Ma FORMA non è solo mostre (dai grandi maestri della fotografia alle tendenze contemporanee, passando per il recupero degli archivi storici), è molto di più (ci tengo a precisare che relativamente a questo "molto di più" ho scelto di fidarmi sulla parola, non avendo ovviamente potuto "testare" l'intera attività del Centro): c'è la Sezione Didattica, che vive di conferenze, incontri con grandi personalità del settore, workshop professionali (per il 2006 è in programma anche un vero e proprio corso di fotografia, in collaborazione con NABA), presentazioni di libri, dibattiti, visite guidate, e tante originali iniziative anche per i più piccoli, in parallelo con le varie mostre (nella fattispecie, in concomitanza con Storie di sguardi sono stati attivati due laboratori per avvicinare i bambini al "magico mondo" della camera oscura e della comunicazione fotografica: un'iniziativa davvero lodevole!); c'è la libreria specializzata; c'è una sezione, la Printroom, dedicata ai collezionisti, con stampe fotografiche da collezione, contemporanee o vintage, destinate alla vendita, nonché un servizio di expertise rivolto ai collezionisti; ci sono, infine, spazi per ospitare riunioni, convegni e iniziative di studio. Quindi: mettete www.formafoto.it tra i preferiti e tenetelo costantemente d'occhio; o almeno, non mancate di seguire gli aggiornamenti delle Mostre nella sezione apposita su questo sito! (vi anticipo che la prossima esposizione, che aprirà il 25 gennaio, sarà dedicata a Peter Lindbergh, visionario fotografo di moda e glamour).

Libri fotografici
Dalla parte opposta della città rispetto a FORMA, sempre per rimanere in tema di fotografia, vi segnalo la presenza della libreria MICAMERA (via Cola Montano 26, nei pressi della stazione Garibaldi), interamente dedicata alla fotografia (che purtroppo non ho fatto in tempo a visitare), dalle monografie ai manuali, italiani e stranieri, con in più una interessante sezione second hand dove frugare per trovare qualche buona occasione usata. Potete farci un giro subito, anche se virtuale (e anche acquistare on-line), su www.micamera.com .

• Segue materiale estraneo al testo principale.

lemma sum_T_plus_eq_sum_T_minus:
  fixes Orb :: "'a::order set set"
  assumes fin: "finite P" and rkd: "ranked P rk" and "p \<in> P"
    and Orb: "Orb \<subseteq> order_ideals P"
    and perm: "bij_betw (rank_toggles P rk (as @ rk p # bs)) Orb Orb"
    and "rk p \<notin> set as" "rk p \<notin> set bs" "set as \<inter> set bs = {}"
  shows "(\<Sum>K\<in>Orb. T_plus P p K) = (\<Sum>K\<in>Orb. T_minus P p K)"
proof -
  define A where "A = rank_toggles P rk as"
  define B where "B = rank_toggles P rk bs"
  define \<tau> where "\<tau> = rank_toggle P rk (rk p)"
  define \<Phi> where "\<Phi> = rank_toggles P rk (as @ rk p # bs)"
  have \<Phi>: "\<Phi> K = A (\<tau> (B K))" for K
    by (simp add: \<Phi>_def A_def B_def \<tau>_def rank_toggles_append)
  have reindex: "(\<Sum>K\<in>Orb. g (\<Phi> K)) = (\<Sum>K\<in>Orb. g K)" for g :: "'a set \<Rightarrow> real"
    using sum.reindex_bij_betw[OF perm] unfolding \<Phi>_def .
  have BK: "B K \<in> order_ideals P" and \<tau>BK: "\<tau> (B K) \<in> order_ideals P" if "K \<in> Orb" for K
    using that Orb bij_betw_apply[OF bij_betw_rank_toggles[OF fin rkd]]
      bij_betw_apply[OF bij_betw_rank_toggle[OF fin rkd]] unfolding B_def \<tau>_def by blast+
  have balance: "(\<Sum>K\<in>Orb. T_plus P p (B K)) = (\<Sum>K\<in>Orb. T_minus P p (B K))"
    unfolding B_def using sum_T_plus_eq_sum_T_minus_at_toggle[OF fin rkd \<open>p \<in> P\<close> perm assms(6,7)] .
  have "(\<Sum>K\<in>Orb. T_plus P p K) = (\<Sum>K\<in>Orb. T_plus P p (B K))"
  proof (cases "rk p - 1 \<in> set bs")
    case True
    with assms(8) have "rk p - 1 \<notin> set as" by blast
    then have "T_plus P p (\<Phi> K) = T_minus P p (B K)" if "K \<in> Orb" for K
      unfolding \<Phi> A_def \<tau>_def
      using T_plus_rank_toggles[OF fin rkd \<tau>BK[OF that, unfolded \<tau>_def] \<open>p \<in> P\<close> assms(6)]
        T_plus_rank_toggle[OF fin rkd BK[OF that] \<open>p \<in> P\<close>] by simp
    then show ?thesis using reindex[of "T_plus P p"] balance by simp
  next
    case False
    then show ?thesis
      using T_plus_rank_toggles[OF fin rkd _ \<open>p \<in> P\<close> assms(7)] Orb unfolding B_def
      by (intro sum.cong) auto
  qed
  moreover have "(\<Sum>K\<in>Orb. T_minus P p K) = (\<Sum>K\<in>Orb. T_minus P p (B K))"
  proof (cases "rk p + 1 \<in> set bs")
    case True
    with assms(8) have "rk p + 1 \<notin> set as" by blast
    then have "T_minus P p (\<Phi> K) = T_plus P p (B K)" if "K \<in> Orb" for K
      unfolding \<Phi> A_def \<tau>_def
      using T_minus_rank_toggles[OF fin rkd \<tau>BK[OF that, unfolded \<tau>_def] \<open>p \<in> P\<close> assms(6)]
        T_minus_rank_toggle[OF fin rkd BK[OF that] \<open>p \<in> P\<close>] by simp
    then show ?thesis using reindex[of "T_minus P p"] balance by simp
  next
    case False
    then show ?thesis
      using T_minus_rank_toggles[OF fin rkd _ \<open>p \<in> P\<close> assms(7)] Orb unfolding B_def
      by (intro sum.cong) auto
  qed
  ultimately show ?thesis using balance by simp
qed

Ecco, mi sembra proprio che, alla fine, tutti i pregiudizi su Milano siano caduti come tesserine di domino... tranne una: l'inquinamento! Eh no, su quello c'è proprio poco da fare, non c'è interpretazione alternativa che tenga! Eppure, se proprio volessimo scovare una nota positiva anche in questo, credo che ci si possa riuscire, con un po' di buona volontà: obbligatevi ad alzarvi all'alba una mattina - o, a scelta, evitate direttamente di andare a dormire, a seconda delle vostre abitudini - e affacciatevi alla finestra, verso Oriente, in una giornata di cielo sereno: avevate mai visto un'alba così viola? E vogliamo parlare dell'arancione del tramonto? ...Tutto merito delle polveri sottili! Ci intossicheranno pure, ma almeno riescono a farlo con una grazia inaudita!

Ogni viaggio, grande o piccolo che sia, lascia in regalo emozioni sempre più affinate, colori inaspettati, prospettive mutate e parole colte al volo, che una volta di ritorno a casa continuano a farci compagnia, a riportarci alla mente immagini e suggestioni, e perché no ci aiutano a continuare la strada più consapevoli di noi e di quello che ci sta intorno. Perciò, ho deciso di chiudere questo articolo lasciandovi in regalo una frase che mi ha cercata, tra le sale di una delle tante mostre visitate in questi giorni, con la speranza che diventi speciale anche per uno solo di voi, e che insegni a concedere l'appellativo di "prezioso" anche alle cose più piccole, nascoste, marginali:
"L'unica cosa preziosa è ciò che si trova nel momento in cui se ne ha bisogno" (Constant Permeke).